◆ **Task description**: What lines in the material hold the string "exists"? Return every one of them.

◆ **Working data**:
+ + +
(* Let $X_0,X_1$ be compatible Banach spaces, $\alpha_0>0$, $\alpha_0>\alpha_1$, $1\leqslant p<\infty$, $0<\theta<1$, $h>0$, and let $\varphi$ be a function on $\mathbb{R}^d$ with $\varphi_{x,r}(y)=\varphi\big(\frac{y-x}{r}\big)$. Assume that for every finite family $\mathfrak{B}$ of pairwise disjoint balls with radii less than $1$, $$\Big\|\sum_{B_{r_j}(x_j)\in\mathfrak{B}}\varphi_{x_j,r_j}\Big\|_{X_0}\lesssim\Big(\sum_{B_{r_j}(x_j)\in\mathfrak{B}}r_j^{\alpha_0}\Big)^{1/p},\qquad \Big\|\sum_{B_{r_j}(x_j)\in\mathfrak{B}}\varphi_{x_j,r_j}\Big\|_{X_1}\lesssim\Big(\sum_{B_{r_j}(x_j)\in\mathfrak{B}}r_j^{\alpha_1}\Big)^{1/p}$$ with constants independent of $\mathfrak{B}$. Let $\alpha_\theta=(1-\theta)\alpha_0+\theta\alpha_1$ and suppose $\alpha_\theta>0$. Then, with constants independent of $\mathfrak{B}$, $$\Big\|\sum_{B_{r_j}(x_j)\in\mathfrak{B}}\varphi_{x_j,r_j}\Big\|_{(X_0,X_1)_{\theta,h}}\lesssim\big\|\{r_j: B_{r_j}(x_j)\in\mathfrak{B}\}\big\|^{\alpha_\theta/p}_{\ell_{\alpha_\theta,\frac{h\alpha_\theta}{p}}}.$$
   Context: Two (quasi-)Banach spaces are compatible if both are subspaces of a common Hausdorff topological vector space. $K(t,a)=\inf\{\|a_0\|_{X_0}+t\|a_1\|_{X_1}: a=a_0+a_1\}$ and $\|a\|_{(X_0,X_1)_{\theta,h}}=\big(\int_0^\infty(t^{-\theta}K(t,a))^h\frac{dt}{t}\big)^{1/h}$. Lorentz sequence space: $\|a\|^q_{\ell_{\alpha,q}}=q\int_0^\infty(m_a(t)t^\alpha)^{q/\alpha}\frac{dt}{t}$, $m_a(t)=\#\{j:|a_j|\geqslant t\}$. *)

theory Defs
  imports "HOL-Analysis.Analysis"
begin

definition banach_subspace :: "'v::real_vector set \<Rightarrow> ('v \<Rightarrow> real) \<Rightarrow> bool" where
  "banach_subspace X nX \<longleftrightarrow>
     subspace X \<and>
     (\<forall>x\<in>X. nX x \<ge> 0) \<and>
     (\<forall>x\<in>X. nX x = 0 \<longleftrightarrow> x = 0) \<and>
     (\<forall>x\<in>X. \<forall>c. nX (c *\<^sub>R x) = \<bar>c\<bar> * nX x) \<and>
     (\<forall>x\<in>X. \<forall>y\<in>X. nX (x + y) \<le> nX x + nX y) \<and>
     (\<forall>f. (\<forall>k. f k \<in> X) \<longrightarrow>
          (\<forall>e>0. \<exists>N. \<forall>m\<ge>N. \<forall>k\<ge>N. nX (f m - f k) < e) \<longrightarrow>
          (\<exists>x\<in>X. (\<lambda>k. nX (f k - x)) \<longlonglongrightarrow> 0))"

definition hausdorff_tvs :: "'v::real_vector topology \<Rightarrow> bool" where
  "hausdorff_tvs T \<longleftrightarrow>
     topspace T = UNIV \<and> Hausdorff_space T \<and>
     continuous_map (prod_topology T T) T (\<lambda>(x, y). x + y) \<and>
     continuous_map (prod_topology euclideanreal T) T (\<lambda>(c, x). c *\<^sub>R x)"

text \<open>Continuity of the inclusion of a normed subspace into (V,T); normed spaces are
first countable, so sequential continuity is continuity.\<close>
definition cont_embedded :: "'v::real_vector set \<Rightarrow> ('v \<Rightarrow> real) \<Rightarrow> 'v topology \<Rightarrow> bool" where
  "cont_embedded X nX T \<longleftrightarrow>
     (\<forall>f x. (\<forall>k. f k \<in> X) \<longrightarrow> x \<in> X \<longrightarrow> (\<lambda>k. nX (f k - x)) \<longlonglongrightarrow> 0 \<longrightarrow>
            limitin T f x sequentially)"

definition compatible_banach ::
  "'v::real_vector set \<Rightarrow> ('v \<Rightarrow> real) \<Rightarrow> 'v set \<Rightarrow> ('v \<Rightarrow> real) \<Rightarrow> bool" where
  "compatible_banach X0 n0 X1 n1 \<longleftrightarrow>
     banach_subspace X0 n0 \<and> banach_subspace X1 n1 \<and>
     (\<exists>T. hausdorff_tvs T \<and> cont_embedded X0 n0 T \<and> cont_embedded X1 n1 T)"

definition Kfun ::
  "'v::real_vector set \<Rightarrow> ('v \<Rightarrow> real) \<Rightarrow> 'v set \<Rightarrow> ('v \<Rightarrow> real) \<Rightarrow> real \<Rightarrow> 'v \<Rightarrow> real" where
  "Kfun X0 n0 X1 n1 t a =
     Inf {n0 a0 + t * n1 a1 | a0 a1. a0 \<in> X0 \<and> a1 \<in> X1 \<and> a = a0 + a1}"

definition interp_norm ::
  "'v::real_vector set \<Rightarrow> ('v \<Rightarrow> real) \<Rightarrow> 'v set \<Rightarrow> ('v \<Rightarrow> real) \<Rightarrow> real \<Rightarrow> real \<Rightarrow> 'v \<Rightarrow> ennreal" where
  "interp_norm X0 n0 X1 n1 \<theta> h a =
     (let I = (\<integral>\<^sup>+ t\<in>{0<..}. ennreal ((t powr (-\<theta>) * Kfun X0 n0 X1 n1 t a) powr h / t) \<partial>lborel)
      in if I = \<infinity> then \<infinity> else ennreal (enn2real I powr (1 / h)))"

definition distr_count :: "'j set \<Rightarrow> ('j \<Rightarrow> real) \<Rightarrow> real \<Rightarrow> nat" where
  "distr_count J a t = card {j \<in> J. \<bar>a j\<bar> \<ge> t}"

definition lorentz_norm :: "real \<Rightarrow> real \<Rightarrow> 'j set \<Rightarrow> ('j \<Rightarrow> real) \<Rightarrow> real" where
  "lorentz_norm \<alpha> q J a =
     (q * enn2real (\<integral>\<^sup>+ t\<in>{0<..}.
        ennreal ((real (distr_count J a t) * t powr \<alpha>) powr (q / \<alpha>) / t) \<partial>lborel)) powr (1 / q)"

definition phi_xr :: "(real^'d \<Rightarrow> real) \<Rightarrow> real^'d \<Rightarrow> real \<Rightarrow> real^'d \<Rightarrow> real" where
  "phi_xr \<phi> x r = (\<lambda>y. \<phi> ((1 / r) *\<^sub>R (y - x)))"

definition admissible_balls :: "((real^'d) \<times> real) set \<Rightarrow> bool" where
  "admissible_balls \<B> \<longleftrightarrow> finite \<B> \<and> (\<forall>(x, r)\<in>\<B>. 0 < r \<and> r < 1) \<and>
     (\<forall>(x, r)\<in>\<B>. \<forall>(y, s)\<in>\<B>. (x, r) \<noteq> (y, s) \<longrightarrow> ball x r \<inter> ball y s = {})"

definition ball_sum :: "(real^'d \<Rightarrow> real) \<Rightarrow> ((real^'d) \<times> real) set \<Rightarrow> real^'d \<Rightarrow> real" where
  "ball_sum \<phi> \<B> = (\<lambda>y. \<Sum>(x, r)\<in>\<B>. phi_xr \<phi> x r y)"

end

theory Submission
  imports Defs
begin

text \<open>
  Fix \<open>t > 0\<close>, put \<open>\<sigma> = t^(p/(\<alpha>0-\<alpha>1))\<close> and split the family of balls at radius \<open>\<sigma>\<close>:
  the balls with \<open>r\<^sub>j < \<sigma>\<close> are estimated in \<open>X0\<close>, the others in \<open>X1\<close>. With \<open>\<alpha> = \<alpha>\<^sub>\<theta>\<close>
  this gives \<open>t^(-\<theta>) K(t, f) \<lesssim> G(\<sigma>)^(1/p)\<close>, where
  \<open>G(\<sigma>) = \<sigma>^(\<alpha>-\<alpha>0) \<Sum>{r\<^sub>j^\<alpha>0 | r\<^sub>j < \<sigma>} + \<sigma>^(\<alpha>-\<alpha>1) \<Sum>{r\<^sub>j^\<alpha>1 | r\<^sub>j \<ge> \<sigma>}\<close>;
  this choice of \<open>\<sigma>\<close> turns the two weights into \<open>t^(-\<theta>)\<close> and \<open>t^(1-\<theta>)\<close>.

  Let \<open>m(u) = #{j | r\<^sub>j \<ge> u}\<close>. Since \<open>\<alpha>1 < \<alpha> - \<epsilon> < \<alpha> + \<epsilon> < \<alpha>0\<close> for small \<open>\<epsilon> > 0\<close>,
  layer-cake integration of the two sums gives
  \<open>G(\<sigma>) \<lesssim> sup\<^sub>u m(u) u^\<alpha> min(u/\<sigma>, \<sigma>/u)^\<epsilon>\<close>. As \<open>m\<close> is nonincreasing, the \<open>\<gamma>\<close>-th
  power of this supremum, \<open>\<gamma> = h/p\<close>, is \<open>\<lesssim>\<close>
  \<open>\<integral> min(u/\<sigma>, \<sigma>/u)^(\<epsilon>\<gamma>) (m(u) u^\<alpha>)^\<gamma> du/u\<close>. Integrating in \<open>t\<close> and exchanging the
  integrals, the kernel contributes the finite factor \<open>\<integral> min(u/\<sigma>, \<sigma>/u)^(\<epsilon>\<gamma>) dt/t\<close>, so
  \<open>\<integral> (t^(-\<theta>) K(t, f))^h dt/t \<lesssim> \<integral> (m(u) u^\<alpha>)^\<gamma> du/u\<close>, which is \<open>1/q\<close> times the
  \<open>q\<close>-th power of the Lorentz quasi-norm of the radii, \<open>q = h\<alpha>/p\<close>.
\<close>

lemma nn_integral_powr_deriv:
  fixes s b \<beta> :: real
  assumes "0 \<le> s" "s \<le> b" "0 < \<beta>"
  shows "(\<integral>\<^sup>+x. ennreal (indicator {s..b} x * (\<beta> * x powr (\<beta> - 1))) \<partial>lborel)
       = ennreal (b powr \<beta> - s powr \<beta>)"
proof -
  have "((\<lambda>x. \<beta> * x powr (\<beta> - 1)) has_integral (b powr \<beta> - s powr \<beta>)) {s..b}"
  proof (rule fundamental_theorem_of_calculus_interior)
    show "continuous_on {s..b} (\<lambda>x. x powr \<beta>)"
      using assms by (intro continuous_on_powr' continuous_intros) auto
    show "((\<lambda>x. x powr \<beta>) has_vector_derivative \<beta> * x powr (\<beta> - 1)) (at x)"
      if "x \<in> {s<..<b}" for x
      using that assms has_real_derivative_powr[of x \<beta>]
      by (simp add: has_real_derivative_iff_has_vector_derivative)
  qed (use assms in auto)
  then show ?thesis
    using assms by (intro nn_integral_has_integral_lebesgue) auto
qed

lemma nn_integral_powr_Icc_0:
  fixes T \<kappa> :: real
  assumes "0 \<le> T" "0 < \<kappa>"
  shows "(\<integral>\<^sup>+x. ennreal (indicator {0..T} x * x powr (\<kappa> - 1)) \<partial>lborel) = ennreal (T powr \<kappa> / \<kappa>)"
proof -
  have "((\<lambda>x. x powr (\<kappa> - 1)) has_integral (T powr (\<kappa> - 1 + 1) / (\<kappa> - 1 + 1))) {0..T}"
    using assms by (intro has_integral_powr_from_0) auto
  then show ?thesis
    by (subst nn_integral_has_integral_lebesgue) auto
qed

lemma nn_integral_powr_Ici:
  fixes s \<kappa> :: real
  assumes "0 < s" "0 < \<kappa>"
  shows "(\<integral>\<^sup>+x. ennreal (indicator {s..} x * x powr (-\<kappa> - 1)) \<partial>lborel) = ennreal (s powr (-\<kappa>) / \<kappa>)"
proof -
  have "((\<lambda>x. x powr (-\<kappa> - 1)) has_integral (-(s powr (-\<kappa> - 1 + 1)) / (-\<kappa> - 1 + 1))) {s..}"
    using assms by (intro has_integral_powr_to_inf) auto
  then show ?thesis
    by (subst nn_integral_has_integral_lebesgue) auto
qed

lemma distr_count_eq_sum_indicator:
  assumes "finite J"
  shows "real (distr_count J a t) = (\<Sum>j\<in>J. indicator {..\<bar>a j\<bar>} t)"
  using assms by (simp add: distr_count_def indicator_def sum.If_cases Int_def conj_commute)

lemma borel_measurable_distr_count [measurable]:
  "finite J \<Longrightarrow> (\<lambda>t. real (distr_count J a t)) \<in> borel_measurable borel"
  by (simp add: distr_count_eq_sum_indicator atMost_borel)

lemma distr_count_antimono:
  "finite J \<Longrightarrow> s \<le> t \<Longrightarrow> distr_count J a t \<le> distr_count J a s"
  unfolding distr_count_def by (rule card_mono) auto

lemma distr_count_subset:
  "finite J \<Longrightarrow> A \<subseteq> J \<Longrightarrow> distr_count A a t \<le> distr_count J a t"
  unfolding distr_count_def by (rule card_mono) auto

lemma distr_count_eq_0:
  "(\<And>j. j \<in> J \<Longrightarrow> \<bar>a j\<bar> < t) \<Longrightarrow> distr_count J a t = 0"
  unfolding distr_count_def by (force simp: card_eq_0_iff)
+ + +
◆ **Answer for this exercise**:
          (\<forall>e>0. \<exists>N. \<forall>m\<ge>N. \<forall>k\<ge>N. nX (f m - f k) < e) \<longrightarrow>
          (\<exists>x\<in>X. (\<lambda>k. nX (f k - x)) \<longlonglongrightarrow> 0))"
     (\<exists>T. hausdorff_tvs T \<and> cont_embedded X0 n0 T \<and> cont_embedded X1 n1 T)"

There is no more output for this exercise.